### [About this exercise]
Using the data below, copy each line that includes the word "mathrm".

### [Data listing]
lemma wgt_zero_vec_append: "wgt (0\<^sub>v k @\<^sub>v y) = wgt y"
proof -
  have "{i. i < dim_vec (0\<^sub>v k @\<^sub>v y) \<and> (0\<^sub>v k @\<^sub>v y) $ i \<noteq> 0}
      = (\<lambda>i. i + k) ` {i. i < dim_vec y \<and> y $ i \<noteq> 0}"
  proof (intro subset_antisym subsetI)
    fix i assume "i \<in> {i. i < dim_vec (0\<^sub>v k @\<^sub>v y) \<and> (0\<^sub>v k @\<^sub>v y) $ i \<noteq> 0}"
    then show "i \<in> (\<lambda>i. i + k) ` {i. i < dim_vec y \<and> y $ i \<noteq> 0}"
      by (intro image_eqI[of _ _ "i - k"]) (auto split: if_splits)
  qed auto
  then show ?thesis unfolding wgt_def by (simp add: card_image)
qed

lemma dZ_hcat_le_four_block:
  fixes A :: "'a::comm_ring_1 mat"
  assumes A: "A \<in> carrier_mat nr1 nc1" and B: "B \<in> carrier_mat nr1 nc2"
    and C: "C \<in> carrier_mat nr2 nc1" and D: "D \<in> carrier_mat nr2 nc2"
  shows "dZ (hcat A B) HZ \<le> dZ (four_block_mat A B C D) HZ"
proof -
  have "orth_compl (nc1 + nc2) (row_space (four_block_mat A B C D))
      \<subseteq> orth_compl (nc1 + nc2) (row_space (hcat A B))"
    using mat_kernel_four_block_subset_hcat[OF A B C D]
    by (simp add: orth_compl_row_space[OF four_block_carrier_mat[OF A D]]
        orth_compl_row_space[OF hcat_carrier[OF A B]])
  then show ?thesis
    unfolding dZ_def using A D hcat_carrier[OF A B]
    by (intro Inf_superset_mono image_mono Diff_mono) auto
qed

...

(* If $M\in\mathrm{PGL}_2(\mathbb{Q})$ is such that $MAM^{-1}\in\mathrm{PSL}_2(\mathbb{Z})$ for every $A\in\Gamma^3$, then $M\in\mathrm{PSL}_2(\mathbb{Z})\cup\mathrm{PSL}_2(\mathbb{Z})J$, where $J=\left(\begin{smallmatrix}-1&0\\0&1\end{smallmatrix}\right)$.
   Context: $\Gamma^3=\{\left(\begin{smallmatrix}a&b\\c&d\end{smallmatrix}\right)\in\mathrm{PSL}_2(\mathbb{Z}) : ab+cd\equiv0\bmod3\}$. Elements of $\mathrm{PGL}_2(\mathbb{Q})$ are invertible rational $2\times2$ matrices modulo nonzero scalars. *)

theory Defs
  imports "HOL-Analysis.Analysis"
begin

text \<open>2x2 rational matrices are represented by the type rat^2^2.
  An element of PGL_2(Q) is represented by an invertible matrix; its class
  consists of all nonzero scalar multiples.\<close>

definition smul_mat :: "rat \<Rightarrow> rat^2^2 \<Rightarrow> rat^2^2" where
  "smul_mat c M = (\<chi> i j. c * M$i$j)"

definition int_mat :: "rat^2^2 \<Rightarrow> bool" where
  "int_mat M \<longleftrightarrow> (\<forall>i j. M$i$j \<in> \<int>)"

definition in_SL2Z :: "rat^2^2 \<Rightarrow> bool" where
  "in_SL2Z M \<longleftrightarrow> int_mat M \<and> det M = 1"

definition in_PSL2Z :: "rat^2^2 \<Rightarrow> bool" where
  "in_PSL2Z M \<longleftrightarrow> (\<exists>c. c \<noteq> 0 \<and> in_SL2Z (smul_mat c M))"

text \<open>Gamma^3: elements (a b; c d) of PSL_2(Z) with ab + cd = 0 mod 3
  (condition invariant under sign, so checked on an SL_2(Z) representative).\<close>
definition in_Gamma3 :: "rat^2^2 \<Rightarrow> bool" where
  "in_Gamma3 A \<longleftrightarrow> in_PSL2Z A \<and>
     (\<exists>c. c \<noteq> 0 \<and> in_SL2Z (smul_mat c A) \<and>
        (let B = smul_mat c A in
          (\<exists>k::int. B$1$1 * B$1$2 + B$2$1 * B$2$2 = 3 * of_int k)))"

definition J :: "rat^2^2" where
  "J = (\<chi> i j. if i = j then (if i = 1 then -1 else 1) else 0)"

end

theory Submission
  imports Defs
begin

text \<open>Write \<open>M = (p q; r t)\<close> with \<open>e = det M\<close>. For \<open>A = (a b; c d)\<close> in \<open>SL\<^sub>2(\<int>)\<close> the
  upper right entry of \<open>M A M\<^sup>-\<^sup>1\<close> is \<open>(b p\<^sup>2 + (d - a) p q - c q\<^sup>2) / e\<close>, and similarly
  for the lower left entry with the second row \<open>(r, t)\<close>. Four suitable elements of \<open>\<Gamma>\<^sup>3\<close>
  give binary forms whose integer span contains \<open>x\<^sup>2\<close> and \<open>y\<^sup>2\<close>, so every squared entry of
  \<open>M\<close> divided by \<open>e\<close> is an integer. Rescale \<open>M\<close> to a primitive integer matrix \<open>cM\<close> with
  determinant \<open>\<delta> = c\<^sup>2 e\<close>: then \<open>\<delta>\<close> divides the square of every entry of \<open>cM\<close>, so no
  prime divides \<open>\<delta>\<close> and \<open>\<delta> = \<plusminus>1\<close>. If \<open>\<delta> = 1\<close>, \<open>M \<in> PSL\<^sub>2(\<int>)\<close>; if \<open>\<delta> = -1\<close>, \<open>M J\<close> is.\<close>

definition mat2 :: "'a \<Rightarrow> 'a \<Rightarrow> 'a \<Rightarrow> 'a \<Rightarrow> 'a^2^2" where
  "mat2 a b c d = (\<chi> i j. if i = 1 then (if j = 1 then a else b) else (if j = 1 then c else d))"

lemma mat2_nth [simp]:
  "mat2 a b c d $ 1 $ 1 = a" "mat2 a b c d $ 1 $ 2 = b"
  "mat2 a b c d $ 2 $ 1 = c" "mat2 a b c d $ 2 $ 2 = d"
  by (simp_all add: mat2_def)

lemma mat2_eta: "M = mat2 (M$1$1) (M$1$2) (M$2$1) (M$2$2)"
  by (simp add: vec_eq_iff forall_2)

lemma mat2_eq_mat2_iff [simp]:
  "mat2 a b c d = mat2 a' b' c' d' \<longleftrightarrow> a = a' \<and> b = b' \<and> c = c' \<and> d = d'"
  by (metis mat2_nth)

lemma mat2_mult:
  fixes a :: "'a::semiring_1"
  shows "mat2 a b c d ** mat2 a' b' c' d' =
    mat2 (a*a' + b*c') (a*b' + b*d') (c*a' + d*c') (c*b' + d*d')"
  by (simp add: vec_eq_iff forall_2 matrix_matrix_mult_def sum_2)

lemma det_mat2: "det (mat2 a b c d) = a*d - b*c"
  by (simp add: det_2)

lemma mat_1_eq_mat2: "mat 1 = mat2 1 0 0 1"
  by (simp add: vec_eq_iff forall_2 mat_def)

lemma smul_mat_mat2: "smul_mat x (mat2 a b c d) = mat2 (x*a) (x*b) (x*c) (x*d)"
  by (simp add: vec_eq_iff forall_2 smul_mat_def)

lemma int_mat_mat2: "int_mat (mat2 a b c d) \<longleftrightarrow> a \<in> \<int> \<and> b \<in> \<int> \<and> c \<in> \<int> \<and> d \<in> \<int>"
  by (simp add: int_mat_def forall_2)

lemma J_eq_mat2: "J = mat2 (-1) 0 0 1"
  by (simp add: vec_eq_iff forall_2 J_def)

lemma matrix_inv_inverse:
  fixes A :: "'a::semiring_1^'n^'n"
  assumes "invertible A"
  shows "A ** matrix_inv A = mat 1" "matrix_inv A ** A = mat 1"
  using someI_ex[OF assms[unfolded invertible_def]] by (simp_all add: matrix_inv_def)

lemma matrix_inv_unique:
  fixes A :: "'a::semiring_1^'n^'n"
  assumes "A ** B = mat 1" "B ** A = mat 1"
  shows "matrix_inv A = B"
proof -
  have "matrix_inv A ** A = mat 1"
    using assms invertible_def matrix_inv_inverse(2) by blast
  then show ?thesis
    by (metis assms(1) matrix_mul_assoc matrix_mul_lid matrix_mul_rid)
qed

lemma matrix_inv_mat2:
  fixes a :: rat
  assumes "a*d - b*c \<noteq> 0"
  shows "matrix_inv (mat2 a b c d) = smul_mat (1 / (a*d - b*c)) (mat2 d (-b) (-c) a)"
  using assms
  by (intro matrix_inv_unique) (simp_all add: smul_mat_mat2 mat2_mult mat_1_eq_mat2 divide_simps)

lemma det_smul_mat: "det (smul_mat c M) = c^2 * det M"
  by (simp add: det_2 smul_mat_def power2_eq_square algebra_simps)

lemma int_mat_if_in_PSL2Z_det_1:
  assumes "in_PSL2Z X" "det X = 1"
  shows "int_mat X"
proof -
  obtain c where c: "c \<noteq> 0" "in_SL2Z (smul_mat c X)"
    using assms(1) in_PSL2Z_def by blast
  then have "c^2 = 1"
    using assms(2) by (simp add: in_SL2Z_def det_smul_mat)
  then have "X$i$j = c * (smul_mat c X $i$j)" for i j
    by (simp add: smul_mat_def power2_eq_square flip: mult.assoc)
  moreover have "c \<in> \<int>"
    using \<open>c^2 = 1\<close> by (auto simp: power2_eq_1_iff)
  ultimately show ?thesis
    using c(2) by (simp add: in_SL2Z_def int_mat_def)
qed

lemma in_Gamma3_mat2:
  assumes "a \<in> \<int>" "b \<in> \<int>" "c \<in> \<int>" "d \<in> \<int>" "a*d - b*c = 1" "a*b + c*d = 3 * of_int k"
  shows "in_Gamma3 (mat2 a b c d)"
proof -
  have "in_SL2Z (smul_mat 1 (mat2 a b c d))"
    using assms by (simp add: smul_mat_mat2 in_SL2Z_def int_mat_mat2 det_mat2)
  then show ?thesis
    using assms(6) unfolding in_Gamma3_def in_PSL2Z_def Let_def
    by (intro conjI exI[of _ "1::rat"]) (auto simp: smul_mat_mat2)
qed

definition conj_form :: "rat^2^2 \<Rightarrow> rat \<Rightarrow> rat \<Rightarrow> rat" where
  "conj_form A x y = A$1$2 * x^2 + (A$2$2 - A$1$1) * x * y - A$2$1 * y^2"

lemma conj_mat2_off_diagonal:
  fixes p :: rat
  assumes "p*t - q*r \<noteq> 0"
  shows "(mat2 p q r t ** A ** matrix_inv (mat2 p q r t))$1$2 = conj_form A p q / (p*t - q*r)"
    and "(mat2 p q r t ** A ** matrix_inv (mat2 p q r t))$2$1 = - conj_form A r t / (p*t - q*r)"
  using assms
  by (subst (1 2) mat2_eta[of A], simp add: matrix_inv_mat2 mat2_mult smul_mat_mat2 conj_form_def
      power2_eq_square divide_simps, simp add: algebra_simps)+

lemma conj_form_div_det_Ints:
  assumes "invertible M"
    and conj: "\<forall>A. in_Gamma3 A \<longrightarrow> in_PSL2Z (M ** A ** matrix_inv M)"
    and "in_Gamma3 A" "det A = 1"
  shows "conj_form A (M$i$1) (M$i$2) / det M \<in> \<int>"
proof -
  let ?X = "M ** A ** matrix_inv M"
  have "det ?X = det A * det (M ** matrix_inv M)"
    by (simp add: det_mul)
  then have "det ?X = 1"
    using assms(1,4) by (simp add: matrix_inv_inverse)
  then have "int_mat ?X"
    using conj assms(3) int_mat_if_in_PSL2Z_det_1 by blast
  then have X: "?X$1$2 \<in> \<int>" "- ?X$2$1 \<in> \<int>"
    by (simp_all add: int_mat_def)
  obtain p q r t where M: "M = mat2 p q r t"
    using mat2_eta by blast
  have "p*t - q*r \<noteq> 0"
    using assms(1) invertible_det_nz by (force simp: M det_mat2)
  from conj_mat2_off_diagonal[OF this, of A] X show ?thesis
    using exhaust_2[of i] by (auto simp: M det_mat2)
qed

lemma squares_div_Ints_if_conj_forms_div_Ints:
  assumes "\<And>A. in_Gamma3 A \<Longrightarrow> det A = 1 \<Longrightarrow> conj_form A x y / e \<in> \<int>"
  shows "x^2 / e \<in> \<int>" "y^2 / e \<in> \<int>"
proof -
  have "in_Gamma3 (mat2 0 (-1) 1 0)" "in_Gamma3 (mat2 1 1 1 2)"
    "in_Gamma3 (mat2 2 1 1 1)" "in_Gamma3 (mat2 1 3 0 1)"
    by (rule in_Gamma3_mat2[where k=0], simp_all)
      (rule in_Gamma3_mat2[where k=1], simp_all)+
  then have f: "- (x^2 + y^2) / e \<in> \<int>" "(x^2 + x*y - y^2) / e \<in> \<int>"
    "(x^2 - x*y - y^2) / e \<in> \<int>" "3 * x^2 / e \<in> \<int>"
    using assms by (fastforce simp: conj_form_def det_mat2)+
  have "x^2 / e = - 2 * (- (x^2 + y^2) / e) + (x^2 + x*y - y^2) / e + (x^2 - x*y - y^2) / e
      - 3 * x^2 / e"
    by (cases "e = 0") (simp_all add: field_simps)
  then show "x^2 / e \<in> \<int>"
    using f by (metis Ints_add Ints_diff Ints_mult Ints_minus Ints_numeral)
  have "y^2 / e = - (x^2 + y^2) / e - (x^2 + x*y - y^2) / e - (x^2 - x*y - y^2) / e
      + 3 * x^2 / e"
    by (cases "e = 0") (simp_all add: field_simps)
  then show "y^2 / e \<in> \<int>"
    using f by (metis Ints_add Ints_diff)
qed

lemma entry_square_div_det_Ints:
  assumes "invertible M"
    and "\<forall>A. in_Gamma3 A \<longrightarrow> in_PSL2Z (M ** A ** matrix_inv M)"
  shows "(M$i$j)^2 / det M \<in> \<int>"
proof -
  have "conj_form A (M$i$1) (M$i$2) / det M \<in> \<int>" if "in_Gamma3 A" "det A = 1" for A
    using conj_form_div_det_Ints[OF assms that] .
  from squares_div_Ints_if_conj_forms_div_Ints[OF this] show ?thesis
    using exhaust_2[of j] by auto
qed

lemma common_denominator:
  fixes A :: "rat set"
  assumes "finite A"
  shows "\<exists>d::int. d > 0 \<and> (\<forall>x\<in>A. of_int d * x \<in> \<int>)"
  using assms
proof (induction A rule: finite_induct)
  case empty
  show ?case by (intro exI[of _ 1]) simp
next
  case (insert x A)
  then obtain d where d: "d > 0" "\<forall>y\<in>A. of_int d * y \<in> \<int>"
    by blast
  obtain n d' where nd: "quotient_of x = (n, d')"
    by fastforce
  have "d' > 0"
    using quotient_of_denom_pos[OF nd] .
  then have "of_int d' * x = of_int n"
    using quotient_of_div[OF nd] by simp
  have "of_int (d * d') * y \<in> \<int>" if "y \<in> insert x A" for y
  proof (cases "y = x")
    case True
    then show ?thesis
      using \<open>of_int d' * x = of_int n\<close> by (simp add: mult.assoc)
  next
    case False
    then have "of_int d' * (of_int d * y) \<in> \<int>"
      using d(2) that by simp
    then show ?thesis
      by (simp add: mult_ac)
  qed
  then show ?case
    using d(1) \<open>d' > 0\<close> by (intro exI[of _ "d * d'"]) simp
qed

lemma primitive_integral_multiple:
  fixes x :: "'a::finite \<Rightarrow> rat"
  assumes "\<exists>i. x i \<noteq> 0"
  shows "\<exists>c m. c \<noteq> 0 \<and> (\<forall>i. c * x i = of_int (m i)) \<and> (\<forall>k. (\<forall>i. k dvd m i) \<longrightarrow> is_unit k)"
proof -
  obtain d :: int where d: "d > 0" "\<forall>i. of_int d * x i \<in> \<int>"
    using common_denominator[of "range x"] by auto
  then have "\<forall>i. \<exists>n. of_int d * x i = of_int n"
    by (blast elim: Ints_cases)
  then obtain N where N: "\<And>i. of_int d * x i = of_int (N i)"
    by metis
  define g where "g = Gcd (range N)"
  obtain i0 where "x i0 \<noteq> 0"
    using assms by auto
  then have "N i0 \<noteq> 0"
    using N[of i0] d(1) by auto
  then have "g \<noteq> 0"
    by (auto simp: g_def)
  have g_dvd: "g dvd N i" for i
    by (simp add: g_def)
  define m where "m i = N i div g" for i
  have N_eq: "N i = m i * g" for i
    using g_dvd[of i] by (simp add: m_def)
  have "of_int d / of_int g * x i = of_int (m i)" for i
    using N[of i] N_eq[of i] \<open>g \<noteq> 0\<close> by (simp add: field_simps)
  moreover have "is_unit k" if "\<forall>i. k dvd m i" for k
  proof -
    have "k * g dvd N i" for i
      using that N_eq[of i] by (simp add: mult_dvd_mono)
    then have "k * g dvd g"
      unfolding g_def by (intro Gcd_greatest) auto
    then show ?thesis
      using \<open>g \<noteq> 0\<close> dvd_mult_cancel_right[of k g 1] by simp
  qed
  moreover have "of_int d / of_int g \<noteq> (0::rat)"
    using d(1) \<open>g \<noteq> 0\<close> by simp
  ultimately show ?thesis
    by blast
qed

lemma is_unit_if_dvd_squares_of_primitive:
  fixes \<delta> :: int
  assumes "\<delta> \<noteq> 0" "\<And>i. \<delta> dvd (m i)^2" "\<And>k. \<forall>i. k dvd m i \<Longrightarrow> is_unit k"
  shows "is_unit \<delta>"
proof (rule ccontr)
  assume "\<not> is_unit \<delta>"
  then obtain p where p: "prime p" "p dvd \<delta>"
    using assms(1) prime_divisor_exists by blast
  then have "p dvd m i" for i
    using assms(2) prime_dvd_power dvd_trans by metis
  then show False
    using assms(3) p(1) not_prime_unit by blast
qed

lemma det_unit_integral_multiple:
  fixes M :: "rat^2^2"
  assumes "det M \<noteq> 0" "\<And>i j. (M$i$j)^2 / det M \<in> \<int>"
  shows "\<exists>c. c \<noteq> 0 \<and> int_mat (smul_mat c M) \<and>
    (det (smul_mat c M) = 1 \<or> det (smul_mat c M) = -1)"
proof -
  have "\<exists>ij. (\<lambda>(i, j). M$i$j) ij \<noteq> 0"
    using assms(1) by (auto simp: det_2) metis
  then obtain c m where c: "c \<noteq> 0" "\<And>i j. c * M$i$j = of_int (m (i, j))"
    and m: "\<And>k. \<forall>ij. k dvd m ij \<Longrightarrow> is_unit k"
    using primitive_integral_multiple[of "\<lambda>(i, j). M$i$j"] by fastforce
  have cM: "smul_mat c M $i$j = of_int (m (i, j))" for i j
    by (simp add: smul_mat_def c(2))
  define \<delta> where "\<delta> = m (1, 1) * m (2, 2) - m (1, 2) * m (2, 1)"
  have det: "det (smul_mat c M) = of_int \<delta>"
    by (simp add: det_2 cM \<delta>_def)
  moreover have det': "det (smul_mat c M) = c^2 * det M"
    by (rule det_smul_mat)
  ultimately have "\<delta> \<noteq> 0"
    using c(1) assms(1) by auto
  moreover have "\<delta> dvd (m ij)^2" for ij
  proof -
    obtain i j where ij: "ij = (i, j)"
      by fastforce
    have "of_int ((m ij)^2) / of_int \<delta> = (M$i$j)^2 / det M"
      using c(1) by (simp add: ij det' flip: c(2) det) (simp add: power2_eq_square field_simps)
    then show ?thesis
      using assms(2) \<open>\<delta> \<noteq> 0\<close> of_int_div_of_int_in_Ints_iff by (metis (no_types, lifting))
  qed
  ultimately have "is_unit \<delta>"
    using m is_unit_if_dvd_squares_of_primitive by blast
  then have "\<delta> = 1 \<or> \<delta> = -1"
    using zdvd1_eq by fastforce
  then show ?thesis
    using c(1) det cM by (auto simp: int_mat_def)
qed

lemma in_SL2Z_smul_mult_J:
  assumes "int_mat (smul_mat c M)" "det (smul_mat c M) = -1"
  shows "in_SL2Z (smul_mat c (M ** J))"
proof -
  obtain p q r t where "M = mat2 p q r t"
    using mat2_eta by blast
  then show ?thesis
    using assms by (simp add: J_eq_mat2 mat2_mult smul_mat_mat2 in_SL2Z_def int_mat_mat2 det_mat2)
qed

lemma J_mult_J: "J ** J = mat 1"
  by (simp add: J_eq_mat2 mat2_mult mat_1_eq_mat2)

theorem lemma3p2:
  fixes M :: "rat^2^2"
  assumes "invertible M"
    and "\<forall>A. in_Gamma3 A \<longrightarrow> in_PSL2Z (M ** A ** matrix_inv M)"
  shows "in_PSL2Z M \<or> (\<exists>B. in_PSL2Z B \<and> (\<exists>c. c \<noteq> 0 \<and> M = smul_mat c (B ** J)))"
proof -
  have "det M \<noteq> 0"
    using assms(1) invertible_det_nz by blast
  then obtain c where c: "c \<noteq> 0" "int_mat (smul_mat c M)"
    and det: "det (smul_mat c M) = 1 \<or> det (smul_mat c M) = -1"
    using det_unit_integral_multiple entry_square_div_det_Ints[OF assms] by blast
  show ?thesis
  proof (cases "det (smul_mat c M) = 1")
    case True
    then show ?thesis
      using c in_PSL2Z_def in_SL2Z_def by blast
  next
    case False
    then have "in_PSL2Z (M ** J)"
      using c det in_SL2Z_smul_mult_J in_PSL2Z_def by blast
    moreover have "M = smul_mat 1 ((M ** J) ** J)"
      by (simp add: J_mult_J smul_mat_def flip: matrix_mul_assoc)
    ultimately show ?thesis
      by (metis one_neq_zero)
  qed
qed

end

### [Reply to the exercise]
(* If $M\in\mathrm{PGL}_2(\mathbb{Q})$ is such that $MAM^{-1}\in\mathrm{PSL}_2(\mathbb{Z})$ for every $A\in\Gamma^3$, then $M\in\mathrm{PSL}_2(\mathbb{Z})\cup\mathrm{PSL}_2(\mathbb{Z})J$, where $J=\left(\begin{smallmatrix}-1&0\\0&1\end{smallmatrix}\right)$.
   Context: $\Gamma^3=\{\left(\begin{smallmatrix}a&b\\c&d\end{smallmatrix}\right)\in\mathrm{PSL}_2(\mathbb{Z}) : ab+cd\equiv0\bmod3\}$. Elements of $\mathrm{PGL}_2(\mathbb{Q})$ are invertible rational $2\times2$ matrices modulo nonzero scalars. *)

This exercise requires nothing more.